Here is a truncated example of the file/folder structure of Tour of Beam learning content:
.
├── README.md
├── content-info.yaml <-- Course metadata
├── introduction <-- Introduction module folder
│ ├── introduction-concepts <-- Concepts group folder
│ │ ├── group-info.yaml <-- Concepts group metadata
│ │ ├── creating-collections <-- Creating collections group folder
│ │ │ ├── group-info.yaml <-- Creating collections group metadata
│ │ │ ├── from-memory <-- Unit folder
│ │ │ │ ├── unit-info.yaml <-- Unit metadata
│ │ │ │ ├── description.md <-- Unit learning materials
│ │ │ │ ├── go-example <-- Golang runnable example folder
│ │ │ │ │ └── from-memory.go <-- Golang runnable example source file
│ │ │ │ ├── java-example <-- Java runnable example folder
│ │ │ │ │ └── from-memory.java <-- Java runnable example source file
│ │ │ │ ├── python-example <-- Python runnable example folder
│ │ │ │ │ └── from-memory.py <-- Python runnable example source file
│ │ │ ├── reading-from-csv
│ │ │ │ ├── description.md
│ │ │ │ ├── go-example
│ │ │ │ │ └── csvExample.go
│ │ │ │ └── unit-info.yaml
│ │ │ └── reading-from-text
│ │ │ ├── description.md
│ │ │ ├── go-example
│ │ │ │ └── textIo.go
│ │ │ └── unit-info.yaml
│ │ ├── pipeline-concepts <-- Pipeline concepts group folder
│ │ │ └── ...
│ │ │
│ │ └── runner-concepts <-- Runner concepts unit folder
│ │ ├── description.md
│ │ └── unit-info.yaml
│ ├── introduction-guide <-- Introduction guide unit folder
│ │ ├── description.md
│ │ └── unit-info.yaml
│ ├── introduction-terms <-- Introduction terms unit folder
│ │ ├── description.md
│ │ └── unit-info.yaml
│ └── module-info.yaml
├── common-transforms <-- Common transforms module folder
├── core-transforms <-- Core transforms module folder
├── windowing <-- Windowing module folder
└── ...
Here, we have a course folder hierarchy with several modules - "Introduction", "Common Transforms", "Core Transforms", "Windowing"... Introduction module is divided into three major parts - "Concepts", "Pipelines" and "Runners", where "Concepts" and "Pipelines" have additional grouping and thus represented as groups, and "Runners" is a simple unit.
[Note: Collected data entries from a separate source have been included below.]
text \<open>A k-set is well spread (with parameters l, m) if it lies in {l..} and its consecutive
  elements are at least m apart; then its first m translates form a plegma family.\<close>
definition well_spread :: "nat \<Rightarrow> nat \<Rightarrow> nat set \<Rightarrow> bool" where
  "well_spread l m u \<longleftrightarrow> l \<le> elt u 1 \<and> (\<forall>i\<in>{1..<card u}. elt u i + m \<le> elt u (Suc i))"

lemma not_well_spread_witness:
  assumes "finite u" "card u \<ge> 1" "\<not> well_spread l m u"
  shows "(\<exists>a\<in>u. a < l) \<or> (\<exists>a\<in>u. \<exists>d\<in>{1..<m}. a + d \<in> u)"
proof (cases "elt u 1 < l")
  case True
  thus ?thesis using elt_in[of u 1] assms by auto
next
  case False
  then obtain i where i: "i \<in> {1..<card u}" "elt u (Suc i) < elt u i + m"
    using assms(3) by (auto simp: well_spread_def)
  have "elt u i < elt u (Suc i)" using assms i by (intro elt_less) auto
  moreover have "elt u i \<in> u" "elt u (Suc i) \<in> u" using assms i by (auto intro!: elt_in)
  ultimately show ?thesis using i(2)
    by (intro disjI2 bexI[of _ "elt u i"] bexI[of _ "elt u (Suc i) - elt u i"]) auto
qed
This folder structure along with metadata files is used to render a course tree in Tour of Beam.
The YAML metadata files provide information about each module, group or unit. These metadata files are also used to create SDK-specific units.
There are four types of metadata files in Tour of Beam:
- content-info.yaml
- module-info.yaml
- group-info.yaml
- unit-info.yaml
Course metadata is stored in content-info.yaml
file in the root folder ./learning/tour-of-beam/learning-content"
and is represented as a yaml object with following content:
sdk:
- Java
- Python
- Go
content:
- introduction
- windowing
- triggers
sdk: list of programming languages this learning content is intended for (available options are "Go", "Java", "Python").
content: list of folders with modules which will be included in this course
Module metadata is stored in module-info.yaml file in each module folder and is represented as a yaml object with following content:
sdk:
- Java
- Python
- Go
id: introduction
name: Introduction
complexity: BASIC
content:
- introduction-guide
- introduction-concepts
- introduction-terms
sdk: list of programming languages this learning module is intended for (available options are "Go", "Java", "Python").
content: list of folders with groups/units which will be included in this module
id: unique id of the module within the course
name: Short name of the module that will be used in course navigation
complexity: Complexity of the module (available options are BASIC, MEDIUM, ADVANCED)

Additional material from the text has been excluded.